Facebook’s insistence that user data is safe as houses does not appear to stretch to its own staff after the personal and financial data of thousands of Facebook workers has been exposed following the theft of corporate hard drives from an employee’s car.
The company has yet to explain how the staffer came to have the unencrypted drives in the first place, as it is against company protocol. Facebook simply stated that it has taken “appropriate disciplinary action”, adding that it “won’t be discussing individual personnel details”.
Bloomberg reports that the hard drives contained 29,000 workers’ payroll information, including names, bank account numbers and the last four digits of social security numbers.

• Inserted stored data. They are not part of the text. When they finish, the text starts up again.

(* Let $\epsilon>0$ and $c>1/4+\epsilon$. Then for every $n$, $\mathrm{ORS}_n(cn)\le 1/\epsilon+1$.
   Context: For a matching $M$, $V(M)$ denotes the set of vertices matched by $M$. A sequence $M_1,\dots,M_t$ of pairwise edge-disjoint matchings is called ordered-induced if for every $i\in[t]$, $M_i$ is an induced matching of the graph with edge set $M_1\cup\dots\cup M_i$, i.e., no edge of $M_1\cup\cdots\cup M_{i-1}$ has both endpoints in $V(M_i)$. An $n$-vertex graph is an $\mathrm{ORS}_n(r,t)$ graph if its edge set is the union of an ordered-induced sequence of $t$ matchings, each of size exactly $r$. $\mathrm{ORS}_n(r)$ denotes the maximum $t$ for which an $\mathrm{ORS}_n(r,t)$ graph exists (for non-integer $r$, $r$ is replaced by $\lceil r\rceil$). *)

theory Defs
  imports Main Complex_Main
begin

definition is_matching :: "nat \<Rightarrow> nat set set \<Rightarrow> bool" where
  "is_matching n M \<longleftrightarrow>
     (\<forall>e\<in>M. e \<subseteq> {..<n} \<and> card e = 2) \<and>
     (\<forall>e\<in>M. \<forall>f\<in>M. e \<noteq> f \<longrightarrow> e \<inter> f = {})"

definition matched_vertices :: "nat set set \<Rightarrow> nat set" where
  "matched_vertices M = \<Union>M"

definition ordered_induced :: "(nat \<Rightarrow> nat set set) \<Rightarrow> nat \<Rightarrow> bool" where
  "ordered_induced Ms t \<longleftrightarrow>
     (\<forall>i<t. \<forall>j<t. i \<noteq> j \<longrightarrow> Ms i \<inter> Ms j = {}) \<and>
     (\<forall>i<t. \<forall>j<i. \<forall>e\<in>Ms j. \<not> e \<subseteq> matched_vertices (Ms i))"

text \<open>An ORS_n(r,t) graph exists: edge set is the union of an ordered-induced
  sequence of t matchings of size exactly r on n vertices.\<close>
definition ORS_graph_exists :: "nat \<Rightarrow> nat \<Rightarrow> nat \<Rightarrow> bool" where
  "ORS_graph_exists n r t \<longleftrightarrow>
     (\<exists>Ms. (\<forall>i<t. is_matching n (Ms i) \<and> card (Ms i) = r) \<and> ordered_induced Ms t)"

definition ORS :: "nat \<Rightarrow> real \<Rightarrow> nat" where
  "ORS n r = Sup {t. ORS_graph_exists n (nat \<lceil>r\<rceil>) t}"

end

theory Submission
  imports Defs "HOL-Analysis.Convex"
begin

text \<open>Let \<open>V\<^sub>i = V(M\<^sub>i)\<close>. Each edge of an earlier matching \<open>M\<^sub>j\<close> has at most one endpoint
  in a later \<open>V\<^sub>i\<close>, so \<open>|V\<^sub>i \<inter> V\<^sub>j| \<le> r\<close> for \<open>i \<noteq> j\<close>, while \<open>|V\<^sub>i| = 2r\<close>. Writing \<open>d(v)\<close>
  for the number of \<open>V\<^sub>i\<close> containing \<open>v\<close>, double counting gives \<open>\<Sum> d(v) = 2rt\<close> and
  \<open>\<Sum> d(v)\<^sup>2 = \<Sum>\<^sub>i\<^sub>,\<^sub>j |V\<^sub>i \<inter> V\<^sub>j| \<le> rt(t+1)\<close>, and Cauchy-Schwarz over the \<open>n\<close> vertices yields
  \<open>4rt \<le> n(t+1)\<close>. For \<open>r \<ge> (1/4 + \<epsilon>)n\<close> this forces \<open>t \<le> 1/(4\<epsilon>)\<close>.\<close>

lemma is_matching_finite:
  assumes "is_matching n M"
  shows "finite M"
proof (rule finite_subset)
  show "M \<subseteq> Pow {..<n}" using assms unfolding is_matching_def by auto
qed simp

lemma card_matched_vertices:
  assumes "is_matching n M"
  shows "card (matched_vertices M) = 2 * card M"
proof -
  have edges: "\<forall>e\<in>M. finite e \<and> card e = 2"
    using assms unfolding is_matching_def by (auto intro: card_ge_0_finite)
  have "pairwise disjnt M"
    using assms unfolding is_matching_def pairwise_def disjnt_def by auto
  then have "card (\<Union>M) = sum card M"
    using is_matching_finite[OF assms] edges by (intro card_Union_disjoint) auto
  also have "\<dots> = 2 * card M"
    using edges by simp
  finally show ?thesis unfolding matched_vertices_def .
qed

lemma card_matched_vertices_Int_le:
  assumes "is_matching n M" and "\<forall>e\<in>M. \<not> e \<subseteq> W"
  shows "card (matched_vertices M \<inter> W) \<le> card M"
proof -
  have "matched_vertices M \<inter> W = (\<Union>e\<in>M. e \<inter> W)"
    unfolding matched_vertices_def by blast
  then have "card (matched_vertices M \<inter> W) \<le> (\<Sum>e\<in>M. card (e \<inter> W))"
    using card_UN_le[OF is_matching_finite[OF assms(1)]] by (simp only:)
  also have "\<dots> \<le> (\<Sum>e\<in>M. 1)"
  proof (rule sum_mono)
    fix e assume e: "e \<in> M"
    then have "card e = 2"
      using assms(1) unfolding is_matching_def by blast
    moreover have "e \<inter> W \<subset> e"
      using assms(2) e by blast
    ultimately have "card (e \<inter> W) < card e"
      by (intro psubset_card_mono) (auto intro: card_ge_0_finite)
    with \<open>card e = 2\<close> show "card (e \<inter> W) \<le> 1" by simp
  qed
  finally show ?thesis by simp
qed

lemma ordered_induced_card_Int_le:
  assumes "ordered_induced Ms t" and "is_matching n (Ms j)" and "j < i" and "i < t"
  shows "card (matched_vertices (Ms j) \<inter> matched_vertices (Ms i)) \<le> card (Ms j)"
proof (rule card_matched_vertices_Int_le[OF assms(2)])
  show "\<forall>e\<in>Ms j. \<not> e \<subseteq> matched_vertices (Ms i)"
    using assms(1,3,4) unfolding ordered_induced_def by blast
qed

lemma square_sum_card_le:
  fixes V :: "'i \<Rightarrow> 'a set"
  assumes "finite I" and "finite U" and "\<And>i. i \<in> I \<Longrightarrow> V i \<subseteq> U"
  shows "(\<Sum>i\<in>I. card (V i))\<^sup>2 \<le> card U * (\<Sum>i\<in>I. \<Sum>j\<in>I. card (V i \<inter> V j))"
proof -
  define d where "d v = (\<Sum>i\<in>I. of_bool (v \<in> V i) :: real)" for v
  have "(\<Sum>v\<in>U. d v) = (\<Sum>i\<in>I. real (card (U \<inter> V i)))"
    unfolding d_def using assms(2) by (subst sum.swap) simp
  also have "\<dots> = real (\<Sum>i\<in>I. card (V i))"
    using assms(3) by (simp add: Int_absorb1)
  finally have sum_d: "(\<Sum>v\<in>U. d v) = real (\<Sum>i\<in>I. card (V i))" .
  have "(\<Sum>v\<in>U. (d v)\<^sup>2) = (\<Sum>v\<in>U. \<Sum>i\<in>I. \<Sum>j\<in>I. of_bool (v \<in> V i \<and> v \<in> V j))"
    unfolding d_def power2_eq_square sum_product by (simp add: of_bool_conj)
  also have "\<dots> = (\<Sum>i\<in>I. \<Sum>j\<in>I. \<Sum>v\<in>U. of_bool (v \<in> V i \<and> v \<in> V j))"
    by (subst sum.swap) (simp only: sum.swap[of _ U])
  also have "\<dots> = (\<Sum>i\<in>I. \<Sum>j\<in>I. real (card (V i \<inter> V j)))"
  proof (intro sum.cong refl)
    fix i j assume "i \<in> I" "j \<in> I"
    then have "U \<inter> {v. v \<in> V i \<and> v \<in> V j} = V i \<inter> V j"
      using assms(3) by blast
    then show "(\<Sum>v\<in>U. of_bool (v \<in> V i \<and> v \<in> V j)) = real (card (V i \<inter> V j))"
      using assms(2) by simp
  qed
  finally have sum_d2: "(\<Sum>v\<in>U. (d v)\<^sup>2) = real (\<Sum>i\<in>I. \<Sum>j\<in>I. card (V i \<inter> V j))"
    by simp
  have "(\<Sum>v\<in>U. d v * 1)\<^sup>2 \<le> (\<Sum>v\<in>U. (d v)\<^sup>2) * (\<Sum>v\<in>U. 1\<^sup>2)"
    by (rule Cauchy_Schwarz_ineq_sum)
  then have "(real (\<Sum>i\<in>I. card (V i)))\<^sup>2 \<le> real (card U) * real (\<Sum>i\<in>I. \<Sum>j\<in>I. card (V i \<inter> V j))"
    by (simp add: sum_d sum_d2 mult.commute)
  then show ?thesis
    by (simp only: of_nat_power[symmetric] of_nat_mult[symmetric] of_nat_le_iff)
qed

lemma mult_bound_of_square_bound:
  fixes n r t :: nat
  assumes "(2 * r * t)\<^sup>2 \<le> n * (r * t * (t + 1))"
  shows "4 * r * t \<le> n * (t + 1)"
proof (cases "r * t = 0")
  case False
  have "(2 * r * t)\<^sup>2 = (r * t) * (4 * r * t)" and "n * (r * t * (t + 1)) = (r * t) * (n * (t + 1))"
    by algebra+
  with assms have "(r * t) * (4 * r * t) \<le> (r * t) * (n * (t + 1))"
    by simp
  with False show ?thesis
    by simp
qed auto

lemma ORS_graph_exists_bound:
  assumes "ORS_graph_exists n r t"
  shows "4 * r * t \<le> n * (t + 1)"
proof -
  obtain Ms where Ms: "\<And>i. i < t \<Longrightarrow> is_matching n (Ms i) \<and> card (Ms i) = r"
    and oi: "ordered_induced Ms t"
    using assms unfolding ORS_graph_exists_def by blast
  define V where "V i = matched_vertices (Ms i)" for i
  have V_sub: "V i \<subseteq> {..<n}" if "i < t" for i
    using Ms[OF that] unfolding V_def matched_vertices_def is_matching_def by auto
  have card_V: "card (V i) = 2 * r" if "i < t" for i
    using Ms[OF that] card_matched_vertices[of n "Ms i"] unfolding V_def by simp
  have card_V_Int: "card (V i \<inter> V j) \<le> r + (if i = j then r else 0)" if "i < t" "j < t" for i j
  proof (cases i j rule: linorder_cases)
    case less
    have "card (matched_vertices (Ms i) \<inter> matched_vertices (Ms j)) \<le> card (Ms i)"
      using Ms[OF that(1)] less that(2) by (intro ordered_induced_card_Int_le[OF oi]) auto
    with less show ?thesis
      using Ms[OF that(1)] unfolding V_def by simp
  next
    case equal
    then show ?thesis
      using card_V[OF that(1)] by simp
  next
    case greater
    have "card (matched_vertices (Ms j) \<inter> matched_vertices (Ms i)) \<le> card (Ms j)"
      using Ms[OF that(2)] greater that(1) by (intro ordered_induced_card_Int_le[OF oi]) auto
    with greater show ?thesis
      using Ms[OF that(2)] unfolding V_def by (simp add: Int_commute)
  qed
  have row_sum: "(\<Sum>j<t. r + (if i = j then r else 0)) = r * t + r" if "i < t" for i
    using that by (simp add: sum.distrib)
  have "(2 * r * t)\<^sup>2 = (\<Sum>i<t. card (V i))\<^sup>2"
    using card_V by simp
  also have "\<dots> \<le> n * (\<Sum>i<t. \<Sum>j<t. card (V i \<inter> V j))"
    using square_sum_card_le[of "{..<t}" "{..<n}" V] V_sub by simp
  also have "\<dots> \<le> n * (\<Sum>i<t. \<Sum>j<t. r + (if i = j then r else 0))"
    by (intro mult_left_mono sum_mono card_V_Int) simp_all
  also have "\<dots> = n * (r * t * (t + 1))"
    using row_sum by (simp add: algebra_simps)
  finally show ?thesis
    by (rule mult_bound_of_square_bound)
qed

lemma ORS_le:
  assumes "\<And>t. ORS_graph_exists n (nat \<lceil>r\<rceil>) t \<Longrightarrow> real t \<le> x"
  shows "real (ORS n r) \<le> x"
proof -
  have empty: "ORS_graph_exists n (nat \<lceil>r\<rceil>) 0"
    by (simp add: ORS_graph_exists_def ordered_induced_def)
  have "ORS n r \<le> nat \<lfloor>x\<rfloor>"
    unfolding ORS_def
  proof (rule cSup_least)
    fix t assume "t \<in> {t. ORS_graph_exists n (nat \<lceil>r\<rceil>) t}"
    then show "t \<le> nat \<lfloor>x\<rfloor>"
      using assms by (simp add: le_nat_floor)
  qed (use empty in blast)
  moreover have "x \<ge> 0"
    using assms[OF empty] by simp
  ultimately show ?thesis
    by (metis of_nat_floor of_nat_le_iff order_trans)
qed

theorem theorem5p4:
  fixes \<epsilon> c :: real and n :: nat
  assumes "\<epsilon> > 0" and "c > 1/4 + \<epsilon>" and "n \<ge> 1"
  shows "real (ORS n (c * real n)) \<le> 1/\<epsilon> + 1"
proof (rule ORS_le)
  define r where "r = nat \<lceil>c * real n\<rceil>"
  have "(1/4 + \<epsilon>) * real n \<le> c * real n"
    using assms by (intro mult_right_mono) auto
  then have r_large: "(1 + 4 * \<epsilon>) * real n \<le> 4 * real r"
    using real_nat_ceiling_ge[of "c * real n"] unfolding r_def by (simp add: algebra_simps)
  fix t
  assume "ORS_graph_exists n r t"
  then have "real (4 * r * t) \<le> real (n * (t + 1))"
    by (intro of_nat_mono ORS_graph_exists_bound)
  then have "4 * real r * real t \<le> real n * (real t + 1)"
    by (simp add: algebra_simps)
  with r_large have "(1 + 4 * \<epsilon>) * real n * real t \<le> real n * (real t + 1)"
    by (meson mult_right_mono of_nat_0_le_iff order_trans)
  then have "4 * \<epsilon> * real t \<le> 1"
    using assms(3) by (simp add: algebra_simps)
  then show "real t \<le> 1/\<epsilon> + 1"
    using assms(1) by (simp add: field_simps)
qed

end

The compromised data also contained salary information, bonus amounts and equity details. The staffer – who worked in HR – reportedly had their car was broken into on November 17, but Facebook did not inform those who have been affected until on December 13.
The hard drives stored information of US-based employees who worked at the social media company in 2018. The firm said it would offer the affected employees free identity theft and credit monitoring services.
In a statement, the social media giant said: “We are working with law enforcement as they investigate a recent car break-in and theft of an employee’s bag containing company equipment with employee payroll information stored on it.
“We have seen no evidence of abuse and believe this was a smash and grab crime rather than an attempt to steal employee information.”
In May, it was revealed that the overwhelming majority (88.8%) of people who work in the tech industry do not trust Facebook to handle their data, with nearly a quarter (24.25%) of the social media giant’s own staff admitting they have no confidence in the company’s ability to keep their personal information safe.
And in September, another mass data breach was claimed to have exposed the personal information of 210 million users, although the social media giant tried to dismiss the information as “old”.
There were 419 million records in total, but Facebook maintained many were duplicates, and old – from the times when Facebook let users search accounts by phone numbers – although with most people
keeping their mobile numbers this could be irrelevant.
Some 18 million records are from the UK, although the majority, 133 million, are from US users and 50 million records are Vietnamese users. However, it still counts as one of the largest data breaches in history.